Task item - Write out exactly the lines from the start of the entries through the one that contains "x + \<sigma> y)", including both.

Saved entries -
● ● ● ● ●
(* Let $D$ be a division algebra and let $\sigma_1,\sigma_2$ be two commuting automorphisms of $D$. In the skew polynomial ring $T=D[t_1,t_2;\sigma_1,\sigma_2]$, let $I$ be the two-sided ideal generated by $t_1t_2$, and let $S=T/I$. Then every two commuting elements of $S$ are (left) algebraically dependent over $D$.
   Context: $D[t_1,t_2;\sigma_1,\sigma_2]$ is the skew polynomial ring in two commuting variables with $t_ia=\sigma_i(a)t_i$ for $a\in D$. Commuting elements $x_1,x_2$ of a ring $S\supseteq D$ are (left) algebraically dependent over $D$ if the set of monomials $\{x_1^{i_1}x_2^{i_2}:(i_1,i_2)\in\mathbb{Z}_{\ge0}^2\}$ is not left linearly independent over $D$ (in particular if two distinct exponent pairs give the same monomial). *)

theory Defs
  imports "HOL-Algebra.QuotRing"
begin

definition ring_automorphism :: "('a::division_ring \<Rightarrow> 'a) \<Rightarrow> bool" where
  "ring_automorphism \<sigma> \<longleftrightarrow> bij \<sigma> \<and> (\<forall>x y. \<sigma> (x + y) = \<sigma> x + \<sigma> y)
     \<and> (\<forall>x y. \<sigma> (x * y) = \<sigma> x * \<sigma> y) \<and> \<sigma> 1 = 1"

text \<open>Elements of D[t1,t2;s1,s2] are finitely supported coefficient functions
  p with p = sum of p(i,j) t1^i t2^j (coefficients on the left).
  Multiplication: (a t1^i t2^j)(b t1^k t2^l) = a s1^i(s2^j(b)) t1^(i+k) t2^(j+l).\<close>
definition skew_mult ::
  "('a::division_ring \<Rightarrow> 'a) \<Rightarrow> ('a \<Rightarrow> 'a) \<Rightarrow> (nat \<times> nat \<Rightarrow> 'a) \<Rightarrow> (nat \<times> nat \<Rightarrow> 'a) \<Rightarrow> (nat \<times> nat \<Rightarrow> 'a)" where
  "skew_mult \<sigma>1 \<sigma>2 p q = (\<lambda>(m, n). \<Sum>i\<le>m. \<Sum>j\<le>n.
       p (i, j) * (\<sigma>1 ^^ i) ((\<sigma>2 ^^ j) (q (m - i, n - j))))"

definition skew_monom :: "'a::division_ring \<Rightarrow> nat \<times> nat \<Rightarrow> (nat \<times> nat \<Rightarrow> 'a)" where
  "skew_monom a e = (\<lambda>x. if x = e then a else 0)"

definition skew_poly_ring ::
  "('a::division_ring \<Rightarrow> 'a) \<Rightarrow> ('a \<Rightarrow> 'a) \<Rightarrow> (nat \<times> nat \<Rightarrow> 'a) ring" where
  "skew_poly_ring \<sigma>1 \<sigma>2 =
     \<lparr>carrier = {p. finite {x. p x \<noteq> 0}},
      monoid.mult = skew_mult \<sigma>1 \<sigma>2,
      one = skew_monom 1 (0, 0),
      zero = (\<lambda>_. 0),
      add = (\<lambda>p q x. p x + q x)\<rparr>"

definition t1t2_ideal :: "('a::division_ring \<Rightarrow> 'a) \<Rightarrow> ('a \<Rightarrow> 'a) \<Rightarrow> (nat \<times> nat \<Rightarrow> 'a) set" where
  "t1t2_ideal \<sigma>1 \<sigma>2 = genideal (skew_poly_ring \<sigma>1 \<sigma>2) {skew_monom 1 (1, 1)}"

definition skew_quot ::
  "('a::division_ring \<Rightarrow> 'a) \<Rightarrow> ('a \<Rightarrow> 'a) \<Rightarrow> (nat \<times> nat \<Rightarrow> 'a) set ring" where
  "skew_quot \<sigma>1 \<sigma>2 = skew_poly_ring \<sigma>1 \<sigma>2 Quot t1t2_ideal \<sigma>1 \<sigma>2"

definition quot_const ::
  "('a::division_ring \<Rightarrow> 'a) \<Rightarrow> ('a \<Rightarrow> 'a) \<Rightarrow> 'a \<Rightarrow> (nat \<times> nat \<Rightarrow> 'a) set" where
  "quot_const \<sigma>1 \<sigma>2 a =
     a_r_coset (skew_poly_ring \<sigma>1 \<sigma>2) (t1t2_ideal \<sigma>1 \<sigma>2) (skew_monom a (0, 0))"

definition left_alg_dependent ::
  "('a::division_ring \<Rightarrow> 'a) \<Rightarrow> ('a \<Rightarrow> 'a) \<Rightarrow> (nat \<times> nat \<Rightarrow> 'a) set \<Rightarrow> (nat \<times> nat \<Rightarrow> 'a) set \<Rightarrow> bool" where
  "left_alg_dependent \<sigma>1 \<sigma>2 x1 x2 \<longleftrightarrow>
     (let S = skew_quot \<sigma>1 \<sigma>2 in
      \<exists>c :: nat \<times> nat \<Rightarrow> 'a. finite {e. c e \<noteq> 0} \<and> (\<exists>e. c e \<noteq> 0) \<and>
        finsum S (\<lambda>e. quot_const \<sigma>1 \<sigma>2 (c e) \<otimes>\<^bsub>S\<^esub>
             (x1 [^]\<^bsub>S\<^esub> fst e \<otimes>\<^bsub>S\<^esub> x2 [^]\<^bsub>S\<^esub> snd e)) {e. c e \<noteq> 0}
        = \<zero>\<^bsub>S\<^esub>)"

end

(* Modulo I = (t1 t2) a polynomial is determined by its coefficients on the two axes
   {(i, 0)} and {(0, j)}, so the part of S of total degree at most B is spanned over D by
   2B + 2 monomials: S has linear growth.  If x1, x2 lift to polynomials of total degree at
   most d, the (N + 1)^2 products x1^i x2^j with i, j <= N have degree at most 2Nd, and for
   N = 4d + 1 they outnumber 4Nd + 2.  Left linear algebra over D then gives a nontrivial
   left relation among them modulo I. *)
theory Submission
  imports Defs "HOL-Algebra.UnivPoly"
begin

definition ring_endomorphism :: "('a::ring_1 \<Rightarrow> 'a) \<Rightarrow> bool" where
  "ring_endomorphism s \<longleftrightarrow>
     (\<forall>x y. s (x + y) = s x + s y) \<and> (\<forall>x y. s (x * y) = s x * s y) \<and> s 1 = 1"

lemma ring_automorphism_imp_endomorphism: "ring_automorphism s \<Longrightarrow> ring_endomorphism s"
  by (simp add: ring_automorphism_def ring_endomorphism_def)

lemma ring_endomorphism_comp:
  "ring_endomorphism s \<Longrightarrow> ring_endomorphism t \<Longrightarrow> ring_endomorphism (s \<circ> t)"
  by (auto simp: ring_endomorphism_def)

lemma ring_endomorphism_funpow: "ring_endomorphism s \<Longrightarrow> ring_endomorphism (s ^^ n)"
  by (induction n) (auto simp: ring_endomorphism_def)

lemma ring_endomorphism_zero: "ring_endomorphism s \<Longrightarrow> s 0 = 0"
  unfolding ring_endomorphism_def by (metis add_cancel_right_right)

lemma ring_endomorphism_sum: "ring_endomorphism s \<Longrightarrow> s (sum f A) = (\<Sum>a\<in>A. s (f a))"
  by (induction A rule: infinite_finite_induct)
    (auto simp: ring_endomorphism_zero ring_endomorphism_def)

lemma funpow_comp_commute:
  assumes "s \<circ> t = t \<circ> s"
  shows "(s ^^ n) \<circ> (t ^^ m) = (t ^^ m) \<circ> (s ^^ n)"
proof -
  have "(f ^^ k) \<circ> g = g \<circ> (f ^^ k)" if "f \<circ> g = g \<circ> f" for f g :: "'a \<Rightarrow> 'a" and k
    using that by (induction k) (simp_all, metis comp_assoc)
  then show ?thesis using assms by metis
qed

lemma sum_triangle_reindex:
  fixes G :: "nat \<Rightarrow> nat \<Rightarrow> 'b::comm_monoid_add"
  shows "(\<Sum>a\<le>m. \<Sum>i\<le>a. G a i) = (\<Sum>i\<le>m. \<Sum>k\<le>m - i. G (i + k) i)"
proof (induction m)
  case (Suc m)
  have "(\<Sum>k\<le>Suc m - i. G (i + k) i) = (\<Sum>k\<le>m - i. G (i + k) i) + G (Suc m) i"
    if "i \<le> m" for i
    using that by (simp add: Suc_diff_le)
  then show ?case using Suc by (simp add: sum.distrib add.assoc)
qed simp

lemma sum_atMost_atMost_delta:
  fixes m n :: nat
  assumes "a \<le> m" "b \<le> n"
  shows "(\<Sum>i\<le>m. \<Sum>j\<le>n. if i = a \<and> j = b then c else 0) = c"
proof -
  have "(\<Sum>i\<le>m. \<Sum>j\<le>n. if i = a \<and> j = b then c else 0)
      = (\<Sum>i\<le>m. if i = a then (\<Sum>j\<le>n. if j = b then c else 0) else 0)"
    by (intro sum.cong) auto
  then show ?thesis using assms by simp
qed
● ● ● ● ●
Task response -
(* Let $D$ be a division algebra and let $\sigma_1,\sigma_2$ be two commuting automorphisms of $D$. In the skew polynomial ring $T=D[t_1,t_2;\sigma_1,\sigma_2]$, let $I$ be the two-sided ideal generated by $t_1t_2$, and let $S=T/I$. Then every two commuting elements of $S$ are (left) algebraically dependent over $D$.
   Context: $D[t_1,t_2;\sigma_1,\sigma_2]$ is the skew polynomial ring in two commuting variables with $t_ia=\sigma_i(a)t_i$ for $a\in D$. Commuting elements $x_1,x_2$ of a ring $S\supseteq D$ are (left) algebraically dependent over $D$ if the set of monomials $\{x_1^{i_1}x_2^{i_2}:(i_1,i_2)\in\mathbb{Z}_{\ge0}^2\}$ is not left linearly independent over $D$ (in particular if two distinct exponent pairs give the same monomial). *)

theory Defs
  imports "HOL-Algebra.QuotRing"
begin

definition ring_automorphism :: "('a::division_ring \<Rightarrow> 'a) \<Rightarrow> bool" where
  "ring_automorphism \<sigma> \<longleftrightarrow> bij \<sigma> \<and> (\<forall>x y. \<sigma> (x + y) = \<sigma> x + \<sigma> y)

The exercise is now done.